*** Task data ***
lemma H_eq_diag: "H x = adj (S x) ** diag_mat (\<lambda>j. complex_of_real (E x j)) ** S x"
proof -
  have "H x ** adj (S x) = adj (S x) ** diag_mat (\<lambda>j. complex_of_real (E x j))"
    by (rule mat_eq_by_columns) (simp add: matrix_vector_mul_assoc[symmetric] adj_S_axis H_Ev
        diag_mat_axis matrix_vector_mult_smult)
  then have "H x ** (adj (S x) ** S x) = adj (S x) ** diag_mat (\<lambda>j. complex_of_real (E x j)) ** S x"
    by (simp add: matrix_mul_assoc)
  then show ?thesis using unitary_S[of x] by (simp add: unitary_def)
qed

lemma mpow_cscale_H:
  "mpow (cscale c (H x)) k = adj (S x) ** diag_mat (\<lambda>j. (c * complex_of_real (E x j)) ^ k) ** S x"
proof (induction k)
  case 0
  then show ?case using unitary_S[of x] by (simp add: diag_mat_one unitary_def)
next
  case (Suc k)
  have "cscale c (H x) = adj (S x) ** cscale c (diag_mat (\<lambda>j. complex_of_real (E x j))) ** S x"
    by (simp add: cscale_mult_left cscale_mult_right flip: H_eq_diag)
  then have cH: "cscale c (H x) = adj (S x) ** diag_mat (\<lambda>j. c * complex_of_real (E x j)) ** S x"
    by (simp add: cscale_diag_mat)
  show ?case
    unfolding mpow.simps Suc.IH unfolding cH
    by (simp add: unitary_conj_mult[OF unitary_S] diag_mat_mult)
qed

lemma evol_eq_diag:
  "evol t H x = adj (S x) ** diag_mat (\<lambda>j. exp (- \<i> * complex_of_real t * complex_of_real (E x j))) ** S x"
proof -
  have "(\<lambda>k. adj (S x) ** (inverse (fact k) *\<^sub>R diag_mat (\<lambda>j. (- \<i> * complex_of_real t * complex_of_real (E x j)) ^ k)) ** S x)
      sums (adj (S x) ** diag_mat (\<lambda>j. exp (- \<i> * complex_of_real t * complex_of_real (E x j))) ** S x)"
    by (rule bounded_linear.sums[OF bounded_linear_sandwich diag_mat_exp_sums])
  moreover have "adj (S x) ** (r *\<^sub>R M) ** S x = r *\<^sub>R (adj (S x) ** M ** S x)" for r M
    by (simp add: scaleR_eq_cscale cscale_mult_left cscale_mult_right)
  ultimately have "(\<lambda>k. inverse (fact k) *\<^sub>R mpow (cscale (- \<i> * complex_of_real t) (H x)) k)
      sums (adj (S x) ** diag_mat (\<lambda>j. exp (- \<i> * complex_of_real t * complex_of_real (E x j))) ** S x)"
    by (simp only: mpow_cscale_H mult.assoc)
  then show ?thesis by (simp add: evol_def mexp_def sums_unique[symmetric])
qed

lemma E_has_real_derivative:
  "((\<lambda>y. E y j) has_real_derivative vector_derivative (\<lambda>y. E y j) (at x)) (at x)"
proof -
  have E: "(\<lambda>y. E y j) = (\<lambda>y. Re (cinner (Ev y j) (H y *v Ev y j)))"
    using normalized_Ev by (simp add: H_Ev cinner_scale_right normalized_def)
  have "((\<lambda>y. cinner (Ev y j) (H y *v Ev y j)) has_vector_derivative
      cinner (Ev x j) (H x *v vector_derivative (\<lambda>y. Ev y j) (at x) + vector_derivative H (at x) *v Ev x j)
       + cinner (vector_derivative (\<lambda>y. Ev y j) (at x)) (H x *v Ev x j)) (at x)"
    using H_differentiable[THEN vector_derivative_works[THEN iffD1]]
      Ev_differentiable[THEN vector_derivative_works[THEN iffD1]]
    by (intro has_vector_derivative_cinner has_vector_derivative_mvec)
  from bounded_linear.has_vector_derivative[OF bounded_linear_Re this]
  have "(\<lambda>y. E y j) differentiable (at x)"
    unfolding E by (rule differentiableI_vector)
  then show ?thesis
    by (simp only: vector_derivative_works has_real_derivative_iff_has_vector_derivative)
qed

lemma evol_has_vector_derivative:
  "(evol t H has_vector_derivative vector_derivative (evol t H) (at x)) (at x)"
proof -
  define c where "c = - \<i> * complex_of_real t"
  have "((\<lambda>y. exp (c * complex_of_real (E y j))) has_vector_derivative
      c * complex_of_real (vector_derivative (\<lambda>y. E y j) (at x)) * exp (c * complex_of_real (E x j)))
      (at x)" for j
  proof -
    have "((\<lambda>y. c * complex_of_real (E y j)) has_vector_derivative
        c * complex_of_real (vector_derivative (\<lambda>y. E y j) (at x))) (at x)"
      by (intro has_vector_derivative_mult_right has_vector_derivative_of_real E_has_real_derivative)
    from field_vector_diff_chain_at[OF this DERIV_exp] show ?thesis by (simp add: o_def)
  qed
  then have "((\<lambda>y. diag_mat (\<lambda>j. exp (c * complex_of_real (E y j)))) has_vector_derivative
      diag_mat (\<lambda>j. c * complex_of_real (vector_derivative (\<lambda>y. E y j) (at x))
        * exp (c * complex_of_real (E x j)))) (at x)"
    by (rule has_vector_derivative_diag_mat)
  from has_vector_derivative_mmult[OF has_vector_derivative_mmult[OF
        has_vector_derivative_adj[OF S_has_vector_derivative] this] S_has_vector_derivative]
  have "evol t H differentiable (at x)"
    unfolding evol_eq_diag[abs_def] c_def by (rule differentiableI_vector)
  then show ?thesis by (rule vector_derivative_works[THEN iffD1])
qed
*** End of Task data ***
**Exercise goal**
Go through the entries and filter for lines holding the word "case"; copy each match.

**Finished exercise**
  case 0
  then show ?case using unitary_S[of x] by (simp add: diag_mat_one unitary_def)
  case (Suc k)
  show ?case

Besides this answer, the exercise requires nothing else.